» RECORDED INFORMATION
theorem lemma1p7:
  fixes n t s m :: nat and r a b :: int
  assumes "n \<ge> 3" and "t \<ge> 1" and "s \<ge> 1" and "odd t" and "odd s" and "coprime t s"
    and "[r ^ s = 1] (mod int t)"
    and "[a ^ 2 = 1] (mod int t)" and "[b ^ 2 = 1] (mod int t)"
    and "m \<ge> 1" and "odd m"
  shows "(\<exists>N. N \<lhd> Ggrp n t s r a b \<and> Ggrp n t s r a b Mod N \<cong> quat (2 ^ (n - 2) * m))
     \<longleftrightarrow> (m dvd t \<and> [r = 1] (mod int m) \<and> quat (2 ^ (n - 2) * m) \<cong> Csemi m n a b)"
proof -
  let ?G = "Ggrp n t s r a b" and ?P = "quat (2 ^ (n - 2) * m)" and ?C = "Csemi m n a b"
  have "group ?G"
    using assms by (intro group_Ggrp) simp_all
  moreover have P: "group ?P"
    using assms by (intro group_quat) simp
  ultimately have "(\<exists>N. N \<lhd> ?G \<and> ?G Mod N \<cong> ?P) \<longleftrightarrow> epi ?G ?P \<noteq> {}"
    by (rule group.quotient_iso_iff_epi)
  also have "\<dots> \<longleftrightarrow> m dvd t \<and> [r = 1] (mod int m) \<and> ?P \<cong> ?C"
  proof
    assume "epi ?G ?P \<noteq> {}"
    then obtain \<phi> where "\<phi> \<in> epi ?G ?P"
      by blast
    then interpret Ggrp_epi_quat n t s m r a b \<phi>
      using assms by unfold_locales simp_all
    show "m dvd t \<and> [r = 1] (mod int m) \<and> ?P \<cong> ?C"
      using m_dvd_t r_cong_1 P_iso_Csemi by blast
  next
    assume conditions: "m dvd t \<and> [r = 1] (mod int m) \<and> ?P \<cong> ?C"
    then have "epi ?G ?C \<noteq> {}"
      using assms by (intro Ggrp_epi_Csemi) simp_all
    moreover obtain \<psi> where "\<psi> \<in> iso ?C ?P"
      using conditions group.iso_sym [OF P] by (auto simp: is_iso_def)
    ultimately show "epi ?G ?P \<noteq> {}"
      by (auto simp: iso_iff_mon_epi dest: epi_compose)
  qed
  finally show ?thesis .
qed

end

» EXERCISE OBJECTIVE
Return each line among the entries that holds the word "blast".

» ANSWER SECTION
      by blast
      using m_dvd_t r_cong_1 P_iso_Csemi by blast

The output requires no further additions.